• [INPUT MATERIAL]
lemma sc_double_root_symbol:
  assumes "\<epsilon> \<in> {1, -1}" "sc_double_root \<epsilon> \<rho> n z"
  shows "poly (KMS_symbol_num \<rho>) z = - of_nat n * poly (KMS_symbol_den \<rho>) z"
proof -
  define X where "X = z^n"
  define N where "N = (of_nat n :: complex)"
  have z: "z \<noteq> 0" "z^2 \<noteq> 1" and p: "poly (sc_poly \<epsilon> \<rho> n) z = 0"
    and "z^n - 1/z^n = \<epsilon> * of_nat n * (z - 1/z)"
    using assms(2) unfolding sc_double_root_def by auto
  then have root: "\<rho> * (X - \<epsilon> * z) = X * z - \<epsilon>"
    and h: "z * (X^2 - 1) = \<epsilon> * N * X * (z^2 - 1)"
    unfolding sc_poly_root_iff power_diff_inverse_eq_iff[OF z(1)] X_def N_def by simp_all
  have X: "X - \<epsilon> * z \<noteq> 0"
    unfolding X_def by (rule sc_poly_root_imp_power_neq[OF assms(1) z(2) p])
  \<comment> \<open>after multiplying by \<open>(X - \<epsilon> z)\<^sup>2\<close>, \<open>\<rho>\<close> only occurs in \<open>\<rho> (X - \<epsilon> z)\<close>,
    which the root condition eliminates\<close>
  have "(X - \<epsilon> * z)^2 * ((1 - \<rho>^2) * z + N * ((1 - \<rho> * z) * (z - \<rho>)))
      = z * ((X - \<epsilon> * z)^2 - (\<rho> * (X - \<epsilon> * z))^2)
        + N * ((X - \<epsilon> * z) - z * (\<rho> * (X - \<epsilon> * z))) * (z * (X - \<epsilon> * z) - \<rho> * (X - \<epsilon> * z))"
    by (simp add: algebra_simps power2_eq_square)
  also have "\<dots> = z * ((X - \<epsilon> * z)^2 - (X * z - \<epsilon>)^2)
        + N * ((X - \<epsilon> * z) - z * (X * z - \<epsilon>)) * (z * (X - \<epsilon> * z) - (X * z - \<epsilon>))"
    unfolding root ..
  also have "\<dots> = (1 - z^2) * (z * (X^2 - 1) - \<epsilon> * N * X * (z^2 - 1))"
    using assms(1) by (auto simp: algebra_simps power2_eq_square)
  also have "\<dots> = 0"
    using h by simp
  finally have "(1 - \<rho>^2) * z + N * ((1 - \<rho> * z) * (z - \<rho>)) = 0"
    using X by simp
  then show ?thesis
    by (simp add: N_def eq_neg_iff_add_eq_0)
qed

lemma sc_poly_no_common_root:
  assumes "\<rho> \<noteq> 0" "\<rho>^2 \<noteq> 1" "poly (sc_poly 1 \<rho> n) z = 0"
  shows "poly (sc_poly (-1) \<rho> n) z \<noteq> 0"
proof
  assume "poly (sc_poly (-1) \<rho> n) z = 0"
  moreover have "poly (sc_poly 1 \<rho> n) z - poly (sc_poly (-1) \<rho> n) z = 2 * (\<rho> * z - 1)"
    by (simp add: poly_sc_poly algebra_simps)
  ultimately have "z = 1/\<rho>"
    using assms(1,3) by (simp add: field_simps)
  moreover have "poly (sc_poly 1 \<rho> n) (1/\<rho>) = (1/\<rho>)^(n+1) * (1 - \<rho>^2)"
    using assms(1) by (simp add: poly_sc_poly field_simps power2_eq_square)
  ultimately show False
    using assms by simp
qed
text \<open>The first vertex of a longest path in a forest is a leaf: a further edge at it would
  either extend the path or close a cycle.\<close>
lemma forest_has_leaf:
  assumes fin: "finite F" and two: "\<forall>e\<in>F. \<exists>u v. u \<noteq> v \<and> e = {u, v}" and "F \<noteq> {}"
    and acyclic: "\<nexists>cs. is_cycle F cs"
  obtains x e where "e \<in> F" "x \<in> e" "\<And>e'. e' \<in> F \<Longrightarrow> x \<in> e' \<Longrightarrow> e' = e"
proof -
  obtain p where p: "is_path F p" and longest: "\<And>q. is_path F q \<Longrightarrow> length q \<le> length p"
    using exists_longest_path[OF fin two \<open>F \<noteq> {}\<close>] by blast
  have len: "2 \<le> length p" using p by (simp add: is_path_def)
  have first_edge: "{p ! 0, p ! 1} \<in> F" using p len by (auto simp: is_path_def)
  have "e' = {p ! 0, p ! 1}" if e': "e' \<in> F" "p ! 0 \<in> e'" for e'
  proof -
    obtain a b where "a \<noteq> b" "e' = {a, b}" using two e'(1) by metis
    then obtain z where z: "z \<noteq> p ! 0" "e' = {z, p ! 0}"
      using doubleton_other_endpoint e'(2) by metis
    have "z \<in> set p"
      using longest[OF is_path_Cons[OF p _ e'(1)[unfolded z(2)]]] by auto
    then obtain j where j: "j < length p" "z = p ! j" by (auto simp: in_set_conv_nth)
    have "j \<noteq> 0" using z(1)[unfolded j(2)] by (rule contrapos_nn) simp
    moreover have "\<not> 2 \<le> j"
      using is_cycle_take_path[OF p _ j(1)] e'(1) z j acyclic by auto
    ultimately have "j = 1" by linarith
    then show ?thesis using z j by (simp add: insert_commute)
  qed
  then show thesis using that first_edge len by (metis insertI1)
qed
lemma is_strat_path_NodeE:
  assumes "is_strat (path_edges n) {a..<b} (Node u v L R)" "b \<le> n"
  obtains m :: nat and lo hi :: strat
  where "a < m" "m < b" "max u v = m" "(lo, hi) = (L, R) \<or> (lo, hi) = (R, L)"
    "is_strat (path_edges n) {a..<m} lo" "is_strat (path_edges n) {m..<b} hi"
    "leaf_sets (path_edges n) {a..<b} (Node u v L R) =
       leaf_sets (path_edges n) {a..<m} lo \<union> leaf_sets (path_edges n) {m..<b} hi"
proof -
  define m where "m = max u v"
  have uv: "u \<in> {a..<b}" "v \<in> {a..<b}" "Suc u = v \<or> Suc v = u"
    using assms by (auto simp: doubleton_in_path_edges_iff)
  then have m: "a < m" "m < b" "{u, v} = {m - 1, m}" "{v, u} = {m - 1, m}"
    unfolding m_def by auto
  note cut = comp_path_cut[OF m(1,2) assms(2) m(3)] comp_path_cut[OF m(1,2) assms(2) m(4)]
  show thesis
  proof (cases "u < v")
    case True
    then have "u < m" "v = m"
      unfolding m_def by auto
    then have "comp (path_edges n) {a..<b} u v = {a..<m}" "comp (path_edges n) {a..<b} v u = {m..<b}"
      unfolding cut using m(1,2) by auto
    then show thesis
      using assms m(1,2) by (intro that[of m L R]) (simp_all add: m_def)
  next
    case False
    then have "u = m" "v < m"
      using uv(3) unfolding m_def by auto
    then have "comp (path_edges n) {a..<b} u v = {m..<b}" "comp (path_edges n) {a..<b} v u = {a..<m}"
      unfolding cut using m(1,2) by auto
    then show thesis
      using assms m(1,2) by (intro that[of m R L]) (simp_all add: m_def Un_commute)
  qed
qed

lemma path_strategy_segments:
  assumes "is_strat (path_edges n) {a..<b} T" "a < b" "b \<le> n"
  shows "cuts T \<subseteq> {a<..<b} \<and> card (cuts T) + 1 = num_leaves T \<and>
    leaf_sets (path_edges n) {a..<b} T = segments a b (cuts T)"
  using assms
proof (induction T arbitrary: a b)
  case Leaf
  then show ?case by (simp add: segments_empty)
next
  case (Node u v L R)
  obtain m lo hi where m: "a < m" "m < b" "max u v = m"
    and lo_hi: "(lo, hi) = (L, R) \<or> (lo, hi) = (R, L)"
    and strat: "is_strat (path_edges n) {a..<m} lo" "is_strat (path_edges n) {m..<b} hi"
    and leaves: "leaf_sets (path_edges n) {a..<b} (Node u v L R) =
       leaf_sets (path_edges n) {a..<m} lo \<union> leaf_sets (path_edges n) {m..<b} hi"
    using is_strat_path_NodeE[OF Node.prems(1,3)] by blast
  have subtree: "cuts S \<subseteq> {c<..<d} \<and> card (cuts S) + 1 = num_leaves S \<and>
      leaf_sets (path_edges n) {c..<d} S = segments c d (cuts S)"
    if "S = L \<or> S = R" "is_strat (path_edges n) {c..<d} S" "c < d" "d \<le> n" for S c d
    using that Node.IH by blast
  have "lo = L \<or> lo = R" "hi = L \<or> hi = R"
    using lo_hi by auto
  then have IH: "cuts lo \<subseteq> {a<..<m} \<and> card (cuts lo) + 1 = num_leaves lo \<and>
      leaf_sets (path_edges n) {a..<m} lo = segments a m (cuts lo)"
    "cuts hi \<subseteq> {m<..<b} \<and> card (cuts hi) + 1 = num_leaves hi \<and>
      leaf_sets (path_edges n) {m..<b} hi = segments m b (cuts hi)"
    using subtree strat m(1,2) Node.prems(3) by auto
  have cuts: "cuts (Node u v L R) = insert m (cuts lo \<union> cuts hi)"
    and num: "num_leaves (Node u v L R) = num_leaves lo + num_leaves hi"
    using lo_hi m(3) by auto
  have "finite (cuts lo)" "finite (cuts hi)" "m \<notin> cuts lo \<union> cuts hi"
    using IH by (auto intro: finite_subset)
  moreover have "cuts lo \<inter> cuts hi = {}"
    using IH by (fastforce simp: subset_iff)
  ultimately have "card (cuts (Node u v L R)) = Suc (card (cuts lo) + card (cuts hi))"
    unfolding cuts by (simp add: card_Un_disjoint)
  then show ?case
    using IH m(1,2) unfolding cuts num leaves by (auto simp: segments_insert_cut)
qed

lemma card_less_image:
  fixes B :: "'a::linorder set"
  assumes "finite B"
  shows "(\<lambda>m. card {x \<in> B. x < m}) ` B = {..<card B}"
proof (rule card_subset_eq)
  let ?rank = "\<lambda>m. card {x \<in> B. x < m}"
  have "strict_mono_on B ?rank"
  proof (rule strict_mono_onI)
    fix m m' assume "m \<in> B" "m' \<in> B" "m < m'"
    then have "{x \<in> B. x < m} \<subset> {x \<in> B. x < m'}" by auto
    then show "?rank m < ?rank m'" using assms by (simp add: psubset_card_mono)
  qed
  then show "card (?rank ` B) = card {..<card B}"
    by (simp add: card_image strict_mono_on_imp_inj_on)
  have "?rank m < card B" if "m \<in> B" for m
    using that assms by (intro psubset_card_mono) auto
  then show "?rank ` B \<subseteq> {..<card B}" by auto
qed simp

• [WHAT NEEDS TO BE DONE] From the line holding "lo = segments" to the line holding "using subtree strat", inclusive, restate each line above exactly as written.

• [REPLY]
      leaf_sets (path_edges n) {a..<m} lo = segments a m (cuts lo)"
    "cuts hi \<subseteq> {m<..<b} \<and> card (cuts hi) + 1 = num_leaves hi \<and>
      leaf_sets (path_edges n) {m..<b} hi = segments m b (cuts hi)"
    using subtree strat m(1,2) Node.prems(3) by auto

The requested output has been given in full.